(* Let $\mathcal{A}$ be a central and essential arrangement in $\mathbb{Q}^l$ as in the context, with $\lcm$-period $\rho_0$, and let $\sigma$ be a term ordering. If a prime $p$ is not $(\sigma,l)$-lucky for $\mathcal{A}$, then $p$ divides $\rho_0$.
   Context: $\mathcal{A}=\{H_1,\dots,H_n\}$: $n$ distinct linear hyperplanes in $\mathbb{Q}^l$ with $\bigcap H_i=\{0\}$, $H_i=\{\alpha_i=0\}$, $\alpha_i=\sum_{k=1}^lc_{ki}x_k$ with $c_{ki}\in\mathbb{Z}$ not all divisible by any prime. Let $C=(c_{ki})\in\mathrm{Mat}_{l\times n}(\mathbb{Z})$ with columns $c_1,\dots,c_n$; for nonempty $J=\{i_1<\dots<i_k\}\subseteq[n]$, $C_J=(c_{i_1},\dots,c_{i_k})$, with Smith normal form having nonzero diagonal entries $e_{J,1}\mid\dots\mid e_{J,r}$ (positive), $r=\mathrm{rk}(C_J)$; $e(J)=e_{J,r}$ and $\rho_0=\lcm\{e(J): 1\le|J|\le l\}$. Gröbner notions: for a term ordering $\sigma$ and nonzero $f\in\mathbb{Z}[x_1,\dots,x_l]$, $\mathrm{LM}_\sigma(f)$ is the $\sigma$-leading term times its coefficient $\mathrm{LC}_\sigma(f)$. A minimal strong $\sigma$-Gröbner basis of an ideal $I\subseteq\mathbb{Z}[x_1,\dots,x_l]$ is a finite generating set $G$ of nonzero elements of $I$ such that every nonzero $f\in I$ has $\mathrm{LM}_\sigma(f)$ divisible by some $\mathrm{LM}_\sigma(g)$, $g\in G$, and no $\mathrm{LM}_\sigma(g)$ divides $\mathrm{LM}_\sigma(g')$ for distinct $g,g'$; its set of leading coefficients is independent of the choice. $p$ is $\sigma$-lucky for $I$ if it divides none of them; $p$ is $(\sigma,l)$-lucky for $\mathcal{A}$ if it is $\sigma$-lucky for every ideal $\langle\alpha_{i_1},\dots,\alpha_{i_l}\rangle\subseteq\mathbb{Z}[x_1,\dots,x_l]$ with $i_1<\dots<i_l$ and $\operatorname{codim}(H_{i_1}\cap\dots\cap H_{i_l})=l$. *)

theory Defs
  imports "HOL-Library.Poly_Mapping" "Jordan_Normal_Form.Matrix" "HOL-Computational_Algebra.Primes"
begin

text \<open>C is an l x n integer matrix; column i (0-based, i < n) gives the linear form alpha_i.
  The hyperplane H_i in Q^l (vectors of dimension l).\<close>

definition hyp :: "int mat \<Rightarrow> nat \<Rightarrow> rat vec set" where
  "hyp C i = {x. dim_vec x = dim_row C \<and> (\<Sum>k<dim_row C. of_int (C $$ (k, i)) * x $ k) = 0}"

definition primitive_column :: "int mat \<Rightarrow> nat \<Rightarrow> bool" where
  "primitive_column C i \<longleftrightarrow> (\<forall>q::int. prime q \<longrightarrow> \<not> (\<forall>k<dim_row C. q dvd C $$ (k, i)))"

definition central_essential_arr :: "nat \<Rightarrow> nat \<Rightarrow> int mat \<Rightarrow> bool" where
  "central_essential_arr l n C \<longleftrightarrow>
     C \<in> carrier_mat l n \<and>
     inj_on (hyp C) {..<n} \<and>
     (\<forall>i<n. primitive_column C i) \<and>
     {x. dim_vec x = l} \<inter> (\<Inter>i<n. hyp C i) = {0\<^sub>v l}"

definition col_submat :: "int mat \<Rightarrow> nat set \<Rightarrow> int mat" where
  "col_submat C J = mat (dim_row C) (card J) (\<lambda>(k, j). C $$ (k, sorted_list_of_set J ! j))"

definition is_SNF_last :: "int mat \<Rightarrow> int \<Rightarrow> bool" where
  "is_SNF_last A e \<longleftrightarrow>
     (\<exists>P Q r. P \<in> carrier_mat (dim_row A) (dim_row A) \<and> Q \<in> carrier_mat (dim_col A) (dim_col A) \<and>
        invertible_mat P \<and> invertible_mat Q \<and> 1 \<le> r \<and> r \<le> min (dim_row A) (dim_col A) \<and>
        (let D = P * A * Q in
          (\<forall>i<dim_row A. \<forall>j<dim_col A. i \<noteq> j \<longrightarrow> D $$ (i, j) = 0) \<and>
          (\<forall>i<r. D $$ (i, i) > 0) \<and>
          (\<forall>i. r \<le> i \<and> i < min (dim_row A) (dim_col A) \<longrightarrow> D $$ (i, i) = 0) \<and>
          (\<forall>i. i + 1 < r \<longrightarrow> D $$ (i, i) dvd D $$ (i + 1, i + 1)) \<and>
          e = D $$ (r - 1, r - 1)))"

definition e_of :: "int mat \<Rightarrow> nat set \<Rightarrow> int" where
  "e_of C J = (SOME e. is_SNF_last (col_submat C J) e)"

definition rho0 :: "nat \<Rightarrow> nat \<Rightarrow> int mat \<Rightarrow> int" where
  "rho0 l n C = Lcm {e_of C J | J. J \<subseteq> {..<n} \<and> J \<noteq> {} \<and> card J \<le> l}"

type_synonym mono = "nat \<Rightarrow>\<^sub>0 nat"
type_synonym zpoly = "mono \<Rightarrow>\<^sub>0 int"

definition monos_l :: "nat \<Rightarrow> mono set" where
  "monos_l l = {m. Poly_Mapping.keys m \<subseteq> {..<l}}"

text \<open>The ring Z[x_0,...,x_(l-1)] inside Z[x_0, x_1, ...].\<close>
definition zpolys :: "nat \<Rightarrow> zpoly set" where
  "zpolys l = {f. Poly_Mapping.keys f \<subseteq> monos_l l}"

definition Var :: "nat \<Rightarrow> zpoly" where
  "Var k = Poly_Mapping.single (Poly_Mapping.single k 1) 1"

definition lin_form :: "int mat \<Rightarrow> nat \<Rightarrow> zpoly" where
  "lin_form C i = (\<Sum>k<dim_row C. Poly_Mapping.single 0 (C $$ (k, i)) * Var k)"

definition ideal_gen :: "nat \<Rightarrow> zpoly set \<Rightarrow> zpoly set" where
  "ideal_gen l S = {\<Sum>s\<in>S. h s * s | h. \<forall>s\<in>S. h s \<in> zpolys l}"

definition term_order :: "nat \<Rightarrow> (mono \<Rightarrow> mono \<Rightarrow> bool) \<Rightarrow> bool" where
  "term_order l ord \<longleftrightarrow>
     (\<forall>m\<in>monos_l l. ord m m) \<and>
     (\<forall>m1\<in>monos_l l. \<forall>m2\<in>monos_l l. \<forall>m3\<in>monos_l l. ord m1 m2 \<longrightarrow> ord m2 m3 \<longrightarrow> ord m1 m3) \<and>
     (\<forall>m1\<in>monos_l l. \<forall>m2\<in>monos_l l. ord m1 m2 \<longrightarrow> ord m2 m1 \<longrightarrow> m1 = m2) \<and>
     (\<forall>m1\<in>monos_l l. \<forall>m2\<in>monos_l l. ord m1 m2 \<or> ord m2 m1) \<and>
     (\<forall>m\<in>monos_l l. ord 0 m) \<and>
     (\<forall>m1\<in>monos_l l. \<forall>m2\<in>monos_l l. \<forall>t\<in>monos_l l. ord m1 m2 \<longrightarrow> ord (m1 + t) (m2 + t))"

§ **REQUIRED ACTION**
Look above for the line holding "(\<forall>i. r \<le>", then set down exactly that line and every line after it up to and including the line holding "m1 = m2) \<and>", with nothing else.

§ **ANSWER SPACE**
          (\<forall>i. r \<le> i \<and> i < min (dim_row A) (dim_col A) \<longrightarrow> D $$ (i, i) = 0) \<and>
          (\<forall>i. i + 1 < r \<longrightarrow> D $$ (i, i) dvd D $$ (i + 1, i + 1)) \<and>
          e = D $$ (r - 1, r - 1)))"

definition e_of :: "int mat \<Rightarrow> nat set \<Rightarrow> int" where
  "e_of C J = (SOME e. is_SNF_last (col_submat C J) e)"

definition rho0 :: "nat \<Rightarrow> nat \<Rightarrow> int mat \<Rightarrow> int" where
  "rho0 l n C = Lcm {e_of C J | J. J \<subseteq> {..<n} \<and> J \<noteq> {} \<and> card J \<le> l}"

type_synonym mono = "nat \<Rightarrow>\<^sub>0 nat"
type_synonym zpoly = "mono \<Rightarrow>\<^sub>0 int"

definition monos_l :: "nat \<Rightarrow> mono set" where
  "monos_l l = {m. Poly_Mapping.keys m \<subseteq> {..<l}}"

text \<open>The ring Z[x_0,...,x_(l-1)] inside Z[x_0, x_1, ...].\<close>
definition zpolys :: "nat \<Rightarrow> zpoly set" where
  "zpolys l = {f. Poly_Mapping.keys f \<subseteq> monos_l l}"

definition Var :: "nat \<Rightarrow> zpoly" where
  "Var k = Poly_Mapping.single (Poly_Mapping.single k 1) 1"

definition lin_form :: "int mat \<Rightarrow> nat \<Rightarrow> zpoly" where
  "lin_form C i = (\<Sum>k<dim_row C. Poly_Mapping.single 0 (C $$ (k, i)) * Var k)"

definition ideal_gen :: "nat \<Rightarrow> zpoly set \<Rightarrow> zpoly set" where
  "ideal_gen l S = {\<Sum>s\<in>S. h s * s | h. \<forall>s\<in>S. h s \<in> zpolys l}"

definition term_order :: "nat \<Rightarrow> (mono \<Rightarrow> mono \<Rightarrow> bool) \<Rightarrow> bool" where
  "term_order l ord \<longleftrightarrow>
     (\<forall>m\<in>monos_l l. ord m m) \<and>
     (\<forall>m1\<in>monos_l l. \<forall>m2\<in>monos_l l. \<forall>m3\<in>monos_l l. ord m1 m2 \<longrightarrow> ord m2 m3 \<longrightarrow> ord m1 m3) \<and>
     (\<forall>m1\<in>monos_l l. \<forall>m2\<in>monos_l l. ord m1 m2 \<longrightarrow> ord m2 m1 \<longrightarrow> m1 = m2) \<and>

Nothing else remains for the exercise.